Ultra-processed foods account for up to 60% of some people’s diets. These foods — which include ready-made snacks, soft drinks, and meals that contain additives, artificial colors, preservatives, and plenty of sugar, salt and fat — can cause heart disease, diabetes, obesity and some cancers.

And, according to a new study, they can make you age faster.

Researchers at the University of Navarra, Pamplona, in Spain, found telomeres are shortened after the consumption of ultra-processed foods. The work was conducted by Lucia Alonso-Pedrero and colleagues with the supervision of professors Maira Bes-Rastrollo and Amelia Marti.

The study is being shared at the European and International Conference on Obesity, being held virtually through Friday.

According to the study, telomeres, which are chromosomes that can be used as a marker for age, were twice as likely to be short in people who ate ultra-processed foods at least three times a day over an extended period of time.

“Telomeres are structures formed from a strand of DNA together with specialised proteins, and which are located at the ends of the chromosomes,” a press release about the findings states. “Each human cell has 23 pairs of chromosomes that contain our genetic code, and while the telomeres do not contain genetic information themselves, they are vital for preserving the stability and integrity of chromosomes and by extension, the DNA that every cell in our body relies on to function.”
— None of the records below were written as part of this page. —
(* Let $P$ be a set of $n$ points chosen independently and uniformly at random from the hypercube $[-2,2]^d$, and let $C$ be the closed ball of radius $1$ centered at the origin. Then $\mathbb{E}[\operatorname{price}(P,C)]\geq \mathbb{E}[f_0(F_{\mathrm{in}})]=\Omega(n^{1-2/(d+1)})$, where the $\Omega$ hides constants depending on $d$.
   Context: For a closed convex $d$-dimensional polytope $F$, $f_k(F)$ denotes its number of $k$-dimensional faces. The inner fence $F_{\mathrm{in}}$ is a closed convex $d$-dimensional polytope with the minimum number of vertices such that $F_{\mathrm{in}}\subseteq C$ and $C\cap P=F_{\mathrm{in}}\cap P$. The outer fence $F_{\mathrm{out}}$ is a closed convex $d$-dimensional polytope with the minimum number of facets such that $C\subseteq F_{\mathrm{out}}$ and $C\cap P=F_{\mathrm{out}}\cap P$. The separation price is $\operatorname{price}(P,C)=f_0(F_{\mathrm{in}})+f_{d-1}(F_{\mathrm{out}})$. *)

theory Defs
  imports "HOL-Probability.Probability"
begin

definition num_faces :: "nat \<Rightarrow> 'a::euclidean_space set \<Rightarrow> nat" where
  "num_faces k F = card {G. G face_of F \<and> aff_dim G = int k}"

definition full_polytope :: "'a::euclidean_space set \<Rightarrow> bool" where
  "full_polytope F \<longleftrightarrow> polytope F \<and> aff_dim F = int DIM('a)"

definition inner_admissible :: "'a::euclidean_space set \<Rightarrow> 'a set \<Rightarrow> 'a set \<Rightarrow> bool" where
  "inner_admissible P C F \<longleftrightarrow> full_polytope F \<and> F \<subseteq> C \<and> C \<inter> P = F \<inter> P"

definition outer_admissible :: "'a::euclidean_space set \<Rightarrow> 'a set \<Rightarrow> 'a set \<Rightarrow> bool" where
  "outer_admissible P C F \<longleftrightarrow> full_polytope F \<and> C \<subseteq> F \<and> C \<inter> P = F \<inter> P"

definition is_inner_fence :: "'a::euclidean_space set \<Rightarrow> 'a set \<Rightarrow> 'a set \<Rightarrow> bool" where
  "is_inner_fence P C F \<longleftrightarrow> inner_admissible P C F \<and>
     (\<forall>G. inner_admissible P C G \<longrightarrow> num_faces 0 F \<le> num_faces 0 G)"

definition is_outer_fence :: "'a::euclidean_space set \<Rightarrow> 'a set \<Rightarrow> 'a set \<Rightarrow> bool" where
  "is_outer_fence P C F \<longleftrightarrow> outer_admissible P C F \<and>
     (\<forall>G. outer_admissible P C G \<longrightarrow>
        num_faces (DIM('a) - 1) F \<le> num_faces (DIM('a) - 1) G)"

definition inner_fence :: "'a::euclidean_space set \<Rightarrow> 'a set \<Rightarrow> 'a set" where
  "inner_fence P C = (SOME F. is_inner_fence P C F)"

definition outer_fence :: "'a::euclidean_space set \<Rightarrow> 'a set \<Rightarrow> 'a set" where
  "outer_fence P C = (SOME F. is_outer_fence P C F)"

definition price :: "'a::euclidean_space set \<Rightarrow> 'a set \<Rightarrow> nat" where
  "price P C = num_faces 0 (inner_fence P C)
             + num_faces (DIM('a) - 1) (outer_fence P C)"

definition cube_sample :: "nat \<Rightarrow> (nat \<Rightarrow> 'a::euclidean_space) measure" where
  "cube_sample n = PiM {..<n} (\<lambda>_. uniform_measure lborel (cbox (- (2 *\<^sub>R One)) (2 *\<^sub>R One)))"

end

theory Submission
  imports Defs "HOL-Analysis.Analysis"
begin

(* An inner fence F of a sample P contains every sample point of the unit ball B, and F is the
   convex hull of its vertices, so F has a vertex in every cap of B that contains a sample point;
   hence pairwise disjoint caps hit by P give distinct vertices.
   Fix a pole b0 and a scale t.  Unit vectors u_g whose tangential coordinates form a grid of
   mesh t are t-separated, so the caps {x \<in> B. 1 - t^2/16 \<le> u_g \<bullet> x} are pairwise
   disjoint; there are about t^(1-d) of them.  Each cap contains a rotated copy of one fixed
   packing of about t^(1-d) disjoint balls of radius t^2/64 near b0, so it has volume of order
   t^(d+1).  For t of order n^(-1/(d+1)) each cap is hit by one of the n samples with probability
   at least 1/2, so the expected number of vertices is of order t^(1-d) = n^((d-1)/(d+1)). *)

lemma num_faces_0_eq_card_extreme_points:
  "num_faces 0 F = card {v. v extreme_point_of F}"
proof -
  have "{G. G face_of F \<and> aff_dim G = int 0} = (\<lambda>v. {v}) ` {v. v extreme_point_of F}"
    by (auto simp: aff_dim_eq_0 face_of_singleton)
  then show ?thesis
    by (simp add: num_faces_def card_image)
qed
As we get older, telomeres get shorter because each time a cell divides, part of the telomere is lost. Therefore, telomere length is considered to be a marker of biological age.

Researchers recruited 645 men and 241 women with an average age of 67.7 years. They were put in four groups of equal size (quartiles) from ‘low’ to ‘high’ based on their consumption of ultra-processed foods: fewer than two servings a day; two to 2.5 servings a day; more than 2.5 to three servings a day; and more than three servings a day.

The team found that as participants increased their consumption of ultra-processed foods, the likelihood of having shortened telomeres rose dramatically with each quartile above the lowest. The medium-low group increased 29%; medium-high 40%; and high 82%. The researchers also found a link between ultra-processed food and the risk of depression (especially in patients with low levels of physical activity), hypertension, overweight/obesity and all-cause mortality.

“In this cross-sectional study of elderly Spanish subjects we showed a robust strong association between ultra-processed food consumption and telomere length,” the authors concluded. “Further research in larger longitudinal studies with baseline and repeated measures of (telomere length) is needed to confirm these observations.”